## TASK DIRECTIONS
All lines from the one containing "denotes $m\times m$" through the final line of the entries are to be written out verbatim; no other line is to be included.

## INPUT MATERIAL
(* Let $n\ge1$, $K=U(n)$ acting on $\mathcal{O}_\Lambda$ via $k\mapsto\mathrm{diag}(1,k)$, let $\mathrm{M}=\mathrm{diag}(\mu_1,\dots,\mu_n)$ with $\mu_1\ge\dots\ge\mu_n$, and let $p\in\mathcal{O}_\Lambda$ with $\Phi(p)=\mathrm{M}$, so that $p=\begin{pmatrix}c&\mathbf{z}^\dagger\\ \mathbf{z}&\mathrm{M}\end{pmatrix}$ with $\mathbf{z}\in\mathbb{C}^n$ (a column vector) and $c=\sum_{i=1}^{n+1}\lambda_i-\sum_{i=1}^n\mu_i$. Then $T_p(K\cdot p)^\omega$ (the $\omega_\Lambda$-orthogonal complement of the tangent space to the $K$-orbit in $T_p\mathcal{O}_\Lambda$) consists of exactly the matrices $$\begin{pmatrix}0&\mathbf{v}^\dagger\\ \mathbf{v}&0\end{pmatrix},\qquad \mathbf{v}=(c-\mathrm{M})\mathbf{x}+X\mathbf{z},$$ where $X\in\mathfrak{u}(n)$ and $\mathbf{x}\in\mathbb{C}^n$ range over those pairs satisfying $$0=\mathbf{x}^\dagger\mathbf{z}+\mathbf{z}^\dagger\mathbf{x},\qquad 0=\mathbf{x}\mathbf{z}^\dagger+\mathbf{z}\mathbf{x}^\dagger+[X,\mathrm{M}].$$ Moreover, $T_p(K\cdot p)\cap T_p(K\cdot p)^\omega$ consists of exactly the matrices $\begin{pmatrix}0&(Y\mathbf{z})^\dagger\\ Y\mathbf{z}&0\end{pmatrix}$ with $Y\in\mathfrak{k}_{\mathrm{M}}$.
   Context: $\mathcal{H}_m$ denotes $m\times m$ Hermitian matrices, $\mathfrak{u}(n)$ skew-Hermitian matrices, $\dagger$ conjugate transpose. For a non-increasing real sequence $\lambda_1\ge\dots\ge\lambda_{n+1}$, $\mathcal{O}_\Lambda\subset\mathcal{H}_{n+1}$ is the set of Hermitian matrices with eigenvalues $\lambda_1,\dots,\lambda_{n+1}$, with symplectic form $(\omega_\Lambda)_p([X,p],[Y,p])=\frac{1}{\sqrt{-1}}\mathrm{Tr}(p[X,Y])$ for $X,Y\in\mathfrak{u}(n+1)$. $K=U(n)$ acts by $k\cdot p=\mathrm{diag}(1,k)\,p\,\mathrm{diag}(1,k)^\dagger$ with moment map $\Phi(p)=$ the bottom-right $n\times n$ principal submatrix of $p$ (using $\mathcal{H}_n\cong\mathfrak{u}(n)^*$, $X\mapsto(A\mapsto\frac{1}{\sqrt{-1}}\mathrm{Tr}(XA))$). $\mathfrak{k}=\mathfrak{u}(n)$ and $\mathfrak{k}_{\mathrm{M}}=\{Y\in\mathfrak{u}(n):[Y,\mathrm{M}]=0\}$. *)

theory Defs
  imports "Jordan_Normal_Form.Schur_Decomposition" "Jordan_Normal_Form.Char_Poly"
begin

## ANSWER TO THE PROBLEM
   Context: $\mathcal{H}_m$ denotes $m\times m$ Hermitian matrices, $\mathfrak{u}(n)$ skew-Hermitian matrices, $\dagger$ conjugate transpose. For a non-increasing real sequence $\lambda_1\ge\dots\ge\lambda_{n+1}$, $\mathcal{O}_\Lambda\subset\mathcal{H}_{n+1}$ is the set of Hermitian matrices with eigenvalues $\lambda_1,\dots,\lambda_{n+1}$, with symplectic form $(\omega_\Lambda)_p([X,p],[Y,p])=\frac{1}{\sqrt{-1}}\mathrm{Tr}(p[X,Y])$ for $X,Y\in\mathfrak{u}(n+1)$. $K=U(n)$ acts by $k\cdot p=\mathrm{diag}(1,k)\,p\,\mathrm{diag}(1,k)^\dagger$ with moment map $\Phi(p)=$ the bottom-right $n\times n$ principal submatrix of $p$ (using $\mathcal{H}_n\cong\mathfrak{u}(n)^*$, $X\mapsto(A\mapsto\frac{1}{\sqrt{-1}}\mathrm{Tr}(XA))$). $\mathfrak{k}=\mathfrak{u}(n)$ and $\mathfrak{k}_{\mathrm{M}}=\{Y\in\mathfrak{u}(n):[Y,\mathrm{M}]=0\}$. *)

theory Defs
  imports "Jordan_Normal_Form.Schur_Decomposition" "Jordan_Normal_Form.Char_Poly"
begin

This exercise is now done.